**Assignment**
Once the line containing "subsection \<open>Rotated coordinates\<close>" is found in the entries below, reproduce it and every line after it, stopping at and including the line containing "unfolding rot_x_def rot_y_def"; reproduce nothing else, and keep each line exact.

**Records for processing**
....................

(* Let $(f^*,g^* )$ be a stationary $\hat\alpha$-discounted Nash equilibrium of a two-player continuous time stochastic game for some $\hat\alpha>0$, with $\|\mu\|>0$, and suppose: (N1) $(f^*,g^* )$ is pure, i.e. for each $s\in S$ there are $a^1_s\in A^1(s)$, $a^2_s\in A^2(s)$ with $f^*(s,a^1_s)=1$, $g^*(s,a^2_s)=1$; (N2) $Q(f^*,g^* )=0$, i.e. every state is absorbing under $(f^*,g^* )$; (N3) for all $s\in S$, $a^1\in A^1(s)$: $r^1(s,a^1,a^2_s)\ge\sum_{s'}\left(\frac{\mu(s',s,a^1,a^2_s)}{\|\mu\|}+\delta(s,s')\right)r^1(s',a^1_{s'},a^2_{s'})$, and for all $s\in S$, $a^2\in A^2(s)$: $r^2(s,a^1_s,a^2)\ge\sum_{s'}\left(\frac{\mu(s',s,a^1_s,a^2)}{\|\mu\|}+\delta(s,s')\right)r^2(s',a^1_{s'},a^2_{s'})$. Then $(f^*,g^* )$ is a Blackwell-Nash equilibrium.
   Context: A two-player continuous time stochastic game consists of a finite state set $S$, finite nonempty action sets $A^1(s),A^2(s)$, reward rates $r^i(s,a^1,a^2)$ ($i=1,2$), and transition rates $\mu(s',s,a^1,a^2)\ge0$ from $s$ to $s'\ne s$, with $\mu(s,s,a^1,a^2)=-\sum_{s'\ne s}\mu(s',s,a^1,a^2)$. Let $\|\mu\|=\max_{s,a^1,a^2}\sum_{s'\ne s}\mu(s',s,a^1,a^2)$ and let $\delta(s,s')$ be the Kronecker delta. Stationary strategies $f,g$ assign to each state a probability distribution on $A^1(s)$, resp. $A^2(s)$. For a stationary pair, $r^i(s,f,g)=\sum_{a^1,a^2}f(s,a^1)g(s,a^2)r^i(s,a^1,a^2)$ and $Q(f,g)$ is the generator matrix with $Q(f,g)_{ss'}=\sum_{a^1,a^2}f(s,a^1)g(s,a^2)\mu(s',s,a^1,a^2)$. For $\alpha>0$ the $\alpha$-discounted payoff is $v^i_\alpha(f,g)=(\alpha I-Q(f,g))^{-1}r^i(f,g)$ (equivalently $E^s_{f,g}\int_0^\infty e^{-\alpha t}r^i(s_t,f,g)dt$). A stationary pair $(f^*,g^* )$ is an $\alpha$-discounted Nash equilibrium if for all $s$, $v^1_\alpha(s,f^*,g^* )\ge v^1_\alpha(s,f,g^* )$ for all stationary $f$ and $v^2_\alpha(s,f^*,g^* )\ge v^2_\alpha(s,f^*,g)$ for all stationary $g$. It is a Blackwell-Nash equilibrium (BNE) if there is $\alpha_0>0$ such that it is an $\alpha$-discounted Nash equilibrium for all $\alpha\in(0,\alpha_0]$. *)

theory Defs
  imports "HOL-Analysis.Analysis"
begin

....................

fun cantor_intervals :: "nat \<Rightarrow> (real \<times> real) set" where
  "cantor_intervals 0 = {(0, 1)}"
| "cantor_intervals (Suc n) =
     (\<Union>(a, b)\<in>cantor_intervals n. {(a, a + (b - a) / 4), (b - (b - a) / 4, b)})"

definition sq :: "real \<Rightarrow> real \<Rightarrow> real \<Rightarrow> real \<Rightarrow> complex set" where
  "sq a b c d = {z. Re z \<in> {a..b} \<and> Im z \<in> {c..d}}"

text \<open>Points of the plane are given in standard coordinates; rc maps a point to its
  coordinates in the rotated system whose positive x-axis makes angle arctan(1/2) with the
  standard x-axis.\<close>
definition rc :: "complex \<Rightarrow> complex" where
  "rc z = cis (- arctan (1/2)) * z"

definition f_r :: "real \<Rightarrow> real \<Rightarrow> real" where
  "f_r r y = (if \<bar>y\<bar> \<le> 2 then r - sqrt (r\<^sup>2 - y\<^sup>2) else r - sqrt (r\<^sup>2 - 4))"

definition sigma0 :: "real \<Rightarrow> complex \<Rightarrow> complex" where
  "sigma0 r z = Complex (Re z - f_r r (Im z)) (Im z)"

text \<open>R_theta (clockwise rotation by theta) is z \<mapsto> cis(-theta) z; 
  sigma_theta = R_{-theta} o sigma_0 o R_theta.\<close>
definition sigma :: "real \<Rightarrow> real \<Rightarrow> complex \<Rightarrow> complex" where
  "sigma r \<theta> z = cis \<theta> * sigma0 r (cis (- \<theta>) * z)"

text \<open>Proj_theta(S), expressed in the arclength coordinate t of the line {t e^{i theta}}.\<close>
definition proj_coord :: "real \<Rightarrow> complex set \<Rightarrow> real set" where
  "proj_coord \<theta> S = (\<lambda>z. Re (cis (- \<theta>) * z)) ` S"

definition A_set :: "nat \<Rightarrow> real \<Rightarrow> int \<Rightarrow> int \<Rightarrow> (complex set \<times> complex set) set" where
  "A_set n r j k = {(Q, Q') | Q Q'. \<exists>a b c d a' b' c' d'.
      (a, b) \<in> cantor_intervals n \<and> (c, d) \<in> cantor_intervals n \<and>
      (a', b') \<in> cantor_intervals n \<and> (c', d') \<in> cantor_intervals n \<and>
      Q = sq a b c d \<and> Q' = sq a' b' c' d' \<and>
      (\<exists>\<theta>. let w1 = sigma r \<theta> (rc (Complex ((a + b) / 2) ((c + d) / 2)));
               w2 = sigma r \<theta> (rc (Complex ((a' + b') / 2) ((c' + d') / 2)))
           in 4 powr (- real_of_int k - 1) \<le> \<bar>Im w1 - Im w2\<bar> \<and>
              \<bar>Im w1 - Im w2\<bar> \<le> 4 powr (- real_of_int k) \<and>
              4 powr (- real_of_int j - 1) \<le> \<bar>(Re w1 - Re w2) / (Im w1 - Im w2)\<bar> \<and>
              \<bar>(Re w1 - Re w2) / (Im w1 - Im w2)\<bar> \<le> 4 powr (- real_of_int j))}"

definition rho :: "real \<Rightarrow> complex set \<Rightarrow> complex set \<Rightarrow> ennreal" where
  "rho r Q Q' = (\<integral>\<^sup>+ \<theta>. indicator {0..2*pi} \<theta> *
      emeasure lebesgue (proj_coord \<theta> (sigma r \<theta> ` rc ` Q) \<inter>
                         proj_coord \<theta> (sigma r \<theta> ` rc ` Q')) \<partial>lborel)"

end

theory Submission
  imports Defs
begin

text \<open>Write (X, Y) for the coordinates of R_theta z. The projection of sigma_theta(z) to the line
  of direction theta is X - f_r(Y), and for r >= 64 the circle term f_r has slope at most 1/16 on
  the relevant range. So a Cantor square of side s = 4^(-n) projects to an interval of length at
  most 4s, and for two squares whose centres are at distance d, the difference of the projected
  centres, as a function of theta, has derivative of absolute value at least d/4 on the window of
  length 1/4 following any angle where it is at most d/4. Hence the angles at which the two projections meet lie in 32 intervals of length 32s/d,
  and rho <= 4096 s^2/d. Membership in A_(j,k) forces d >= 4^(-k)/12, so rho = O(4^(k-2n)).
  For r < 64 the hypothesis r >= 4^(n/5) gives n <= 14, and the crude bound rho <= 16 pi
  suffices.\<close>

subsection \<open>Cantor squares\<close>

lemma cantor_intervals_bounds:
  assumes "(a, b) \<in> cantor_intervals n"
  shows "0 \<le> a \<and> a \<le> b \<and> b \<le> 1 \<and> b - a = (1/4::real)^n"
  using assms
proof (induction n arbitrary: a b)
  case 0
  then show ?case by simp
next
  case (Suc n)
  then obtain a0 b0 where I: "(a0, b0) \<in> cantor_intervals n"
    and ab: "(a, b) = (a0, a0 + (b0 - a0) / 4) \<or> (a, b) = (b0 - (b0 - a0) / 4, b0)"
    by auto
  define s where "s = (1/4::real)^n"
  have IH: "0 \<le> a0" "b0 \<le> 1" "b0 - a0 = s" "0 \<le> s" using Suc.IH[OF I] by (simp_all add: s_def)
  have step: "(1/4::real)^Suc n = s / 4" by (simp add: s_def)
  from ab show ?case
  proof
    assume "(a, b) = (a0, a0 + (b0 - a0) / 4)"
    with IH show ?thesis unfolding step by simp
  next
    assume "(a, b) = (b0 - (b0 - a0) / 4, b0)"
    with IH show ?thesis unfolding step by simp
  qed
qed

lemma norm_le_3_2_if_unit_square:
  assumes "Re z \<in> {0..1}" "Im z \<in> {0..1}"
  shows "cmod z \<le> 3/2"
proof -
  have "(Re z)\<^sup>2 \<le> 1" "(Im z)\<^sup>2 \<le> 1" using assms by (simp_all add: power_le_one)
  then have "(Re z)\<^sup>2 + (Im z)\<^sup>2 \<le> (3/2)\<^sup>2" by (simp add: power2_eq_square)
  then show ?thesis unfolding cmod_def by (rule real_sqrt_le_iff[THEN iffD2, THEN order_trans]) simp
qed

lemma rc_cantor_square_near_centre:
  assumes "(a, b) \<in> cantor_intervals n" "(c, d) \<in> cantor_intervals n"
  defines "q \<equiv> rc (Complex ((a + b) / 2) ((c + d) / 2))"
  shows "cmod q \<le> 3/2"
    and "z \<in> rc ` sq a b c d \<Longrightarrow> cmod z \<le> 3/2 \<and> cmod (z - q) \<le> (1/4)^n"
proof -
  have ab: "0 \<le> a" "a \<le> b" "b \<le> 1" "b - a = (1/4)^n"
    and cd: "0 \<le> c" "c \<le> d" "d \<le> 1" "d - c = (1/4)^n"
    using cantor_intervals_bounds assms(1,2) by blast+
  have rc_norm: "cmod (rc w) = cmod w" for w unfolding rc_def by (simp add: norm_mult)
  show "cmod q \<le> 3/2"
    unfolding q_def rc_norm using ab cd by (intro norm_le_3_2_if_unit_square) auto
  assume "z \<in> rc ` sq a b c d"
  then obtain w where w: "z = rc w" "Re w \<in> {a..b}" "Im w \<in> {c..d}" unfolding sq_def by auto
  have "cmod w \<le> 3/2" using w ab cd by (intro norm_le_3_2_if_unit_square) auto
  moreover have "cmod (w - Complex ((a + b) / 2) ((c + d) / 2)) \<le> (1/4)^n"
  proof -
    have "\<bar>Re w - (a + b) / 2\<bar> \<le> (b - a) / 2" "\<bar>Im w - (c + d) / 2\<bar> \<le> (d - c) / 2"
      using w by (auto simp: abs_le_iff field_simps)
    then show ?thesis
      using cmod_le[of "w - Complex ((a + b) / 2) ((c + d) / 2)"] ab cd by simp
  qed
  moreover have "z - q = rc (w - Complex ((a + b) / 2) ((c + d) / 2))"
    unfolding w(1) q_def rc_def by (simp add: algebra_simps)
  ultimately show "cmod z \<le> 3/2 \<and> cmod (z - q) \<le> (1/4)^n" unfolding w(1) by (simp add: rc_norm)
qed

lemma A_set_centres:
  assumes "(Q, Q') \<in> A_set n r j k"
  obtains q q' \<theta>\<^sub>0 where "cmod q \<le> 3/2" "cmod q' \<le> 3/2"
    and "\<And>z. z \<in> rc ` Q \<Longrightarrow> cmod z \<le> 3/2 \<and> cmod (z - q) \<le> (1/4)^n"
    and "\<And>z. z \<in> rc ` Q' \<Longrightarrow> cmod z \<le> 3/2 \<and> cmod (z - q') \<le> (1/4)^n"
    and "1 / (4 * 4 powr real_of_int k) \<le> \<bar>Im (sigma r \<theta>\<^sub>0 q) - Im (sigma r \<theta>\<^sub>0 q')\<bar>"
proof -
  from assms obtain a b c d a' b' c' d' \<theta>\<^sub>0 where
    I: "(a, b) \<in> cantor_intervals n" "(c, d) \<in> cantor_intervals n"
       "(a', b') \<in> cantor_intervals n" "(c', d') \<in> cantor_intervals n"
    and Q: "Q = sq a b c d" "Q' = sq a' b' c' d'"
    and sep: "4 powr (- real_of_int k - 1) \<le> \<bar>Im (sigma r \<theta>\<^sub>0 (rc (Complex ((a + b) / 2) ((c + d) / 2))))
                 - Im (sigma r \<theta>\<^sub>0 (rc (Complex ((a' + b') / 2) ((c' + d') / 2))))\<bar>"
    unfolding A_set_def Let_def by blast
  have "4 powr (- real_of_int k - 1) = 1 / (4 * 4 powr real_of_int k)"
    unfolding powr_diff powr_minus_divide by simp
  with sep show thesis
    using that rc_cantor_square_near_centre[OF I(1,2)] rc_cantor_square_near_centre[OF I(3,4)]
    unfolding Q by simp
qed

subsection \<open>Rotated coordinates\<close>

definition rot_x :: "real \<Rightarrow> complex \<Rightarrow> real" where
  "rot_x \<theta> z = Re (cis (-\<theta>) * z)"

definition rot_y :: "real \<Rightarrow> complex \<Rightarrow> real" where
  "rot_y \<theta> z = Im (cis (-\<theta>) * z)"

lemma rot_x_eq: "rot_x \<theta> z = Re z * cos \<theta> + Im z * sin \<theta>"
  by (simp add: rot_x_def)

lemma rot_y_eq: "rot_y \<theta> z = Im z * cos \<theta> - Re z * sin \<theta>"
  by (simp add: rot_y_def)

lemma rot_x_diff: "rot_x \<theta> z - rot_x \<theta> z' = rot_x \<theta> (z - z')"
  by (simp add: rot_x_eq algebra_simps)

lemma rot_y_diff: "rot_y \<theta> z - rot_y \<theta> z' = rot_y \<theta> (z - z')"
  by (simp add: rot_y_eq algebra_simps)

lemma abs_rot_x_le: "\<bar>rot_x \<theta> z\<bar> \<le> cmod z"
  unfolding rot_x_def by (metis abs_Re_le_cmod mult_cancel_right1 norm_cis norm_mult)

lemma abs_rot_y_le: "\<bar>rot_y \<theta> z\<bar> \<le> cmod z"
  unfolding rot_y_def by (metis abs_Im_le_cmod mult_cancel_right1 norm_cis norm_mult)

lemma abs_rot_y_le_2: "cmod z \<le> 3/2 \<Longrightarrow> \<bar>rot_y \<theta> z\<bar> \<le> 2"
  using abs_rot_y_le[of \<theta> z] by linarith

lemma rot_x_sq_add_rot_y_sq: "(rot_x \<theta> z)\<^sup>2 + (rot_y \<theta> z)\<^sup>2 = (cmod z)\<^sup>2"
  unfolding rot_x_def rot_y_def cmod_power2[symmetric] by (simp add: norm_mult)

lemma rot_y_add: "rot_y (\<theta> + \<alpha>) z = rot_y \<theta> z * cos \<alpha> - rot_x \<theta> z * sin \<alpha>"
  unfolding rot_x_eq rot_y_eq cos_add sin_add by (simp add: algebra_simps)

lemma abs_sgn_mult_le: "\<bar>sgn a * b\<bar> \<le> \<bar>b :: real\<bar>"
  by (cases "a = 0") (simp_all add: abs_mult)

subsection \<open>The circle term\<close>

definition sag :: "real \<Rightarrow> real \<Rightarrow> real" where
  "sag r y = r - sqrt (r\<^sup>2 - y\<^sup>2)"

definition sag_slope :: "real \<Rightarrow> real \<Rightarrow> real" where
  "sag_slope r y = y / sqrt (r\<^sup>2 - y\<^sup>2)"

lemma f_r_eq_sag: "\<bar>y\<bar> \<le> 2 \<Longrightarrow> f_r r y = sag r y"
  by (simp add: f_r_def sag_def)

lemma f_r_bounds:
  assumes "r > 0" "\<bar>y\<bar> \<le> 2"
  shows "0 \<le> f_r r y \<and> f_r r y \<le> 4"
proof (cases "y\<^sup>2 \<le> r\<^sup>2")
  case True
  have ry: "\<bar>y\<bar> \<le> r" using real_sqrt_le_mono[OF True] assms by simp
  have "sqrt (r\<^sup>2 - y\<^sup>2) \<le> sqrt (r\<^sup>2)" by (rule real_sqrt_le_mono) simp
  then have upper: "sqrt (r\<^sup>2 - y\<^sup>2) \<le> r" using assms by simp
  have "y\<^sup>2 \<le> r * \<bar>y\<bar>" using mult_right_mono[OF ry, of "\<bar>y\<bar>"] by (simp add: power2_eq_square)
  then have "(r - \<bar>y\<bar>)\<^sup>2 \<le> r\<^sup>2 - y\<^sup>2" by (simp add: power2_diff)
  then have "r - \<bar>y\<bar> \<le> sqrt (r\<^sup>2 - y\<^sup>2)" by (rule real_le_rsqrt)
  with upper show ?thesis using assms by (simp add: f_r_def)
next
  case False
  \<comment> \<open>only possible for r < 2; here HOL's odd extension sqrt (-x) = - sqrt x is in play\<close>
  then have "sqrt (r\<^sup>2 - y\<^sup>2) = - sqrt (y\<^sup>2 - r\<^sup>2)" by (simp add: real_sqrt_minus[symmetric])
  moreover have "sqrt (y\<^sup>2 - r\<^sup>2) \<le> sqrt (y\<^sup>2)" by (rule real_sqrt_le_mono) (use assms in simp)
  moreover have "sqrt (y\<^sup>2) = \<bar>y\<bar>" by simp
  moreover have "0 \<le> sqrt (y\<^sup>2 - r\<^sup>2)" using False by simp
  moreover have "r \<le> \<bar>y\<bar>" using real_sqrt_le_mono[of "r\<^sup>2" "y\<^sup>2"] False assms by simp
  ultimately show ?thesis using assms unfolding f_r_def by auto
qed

....................

**Written reply**
subsection \<open>Rotated coordinates\<close>

definition rot_x :: "real \<Rightarrow> complex \<Rightarrow> real" where
  "rot_x \<theta> z = Re (cis (-\<theta>) * z)"

definition rot_y :: "real \<Rightarrow> complex \<Rightarrow> real" where
  "rot_y \<theta> z = Im (cis (-\<theta>) * z)"

lemma rot_x_eq: "rot_x \<theta> z = Re z * cos \<theta> + Im z * sin \<theta>"
  by (simp add: rot_x_def)

lemma rot_y_eq: "rot_y \<theta> z = Im z * cos \<theta> - Re z * sin \<theta>"
  by (simp add: rot_y_def)

lemma rot_x_diff: "rot_x \<theta> z - rot_x \<theta> z' = rot_x \<theta> (z - z')"
  by (simp add: rot_x_eq algebra_simps)

lemma rot_y_diff: "rot_y \<theta> z - rot_y \<theta> z' = rot_y \<theta> (z - z')"
  by (simp add: rot_y_eq algebra_simps)

lemma abs_rot_x_le: "\<bar>rot_x \<theta> z\<bar> \<le> cmod z"
  unfolding rot_x_def by (metis abs_Re_le_cmod mult_cancel_right1 norm_cis norm_mult)

lemma abs_rot_y_le: "\<bar>rot_y \<theta> z\<bar> \<le> cmod z"
  unfolding rot_y_def by (metis abs_Im_le_cmod mult_cancel_right1 norm_cis norm_mult)

lemma abs_rot_y_le_2: "cmod z \<le> 3/2 \<Longrightarrow> \<bar>rot_y \<theta> z\<bar> \<le> 2"
  using abs_rot_y_le[of \<theta> z] by linarith

lemma rot_x_sq_add_rot_y_sq: "(rot_x \<theta> z)\<^sup>2 + (rot_y \<theta> z)\<^sup>2 = (cmod z)\<^sup>2"
  unfolding rot_x_def rot_y_def cmod_power2[symmetric] by (simp add: norm_mult)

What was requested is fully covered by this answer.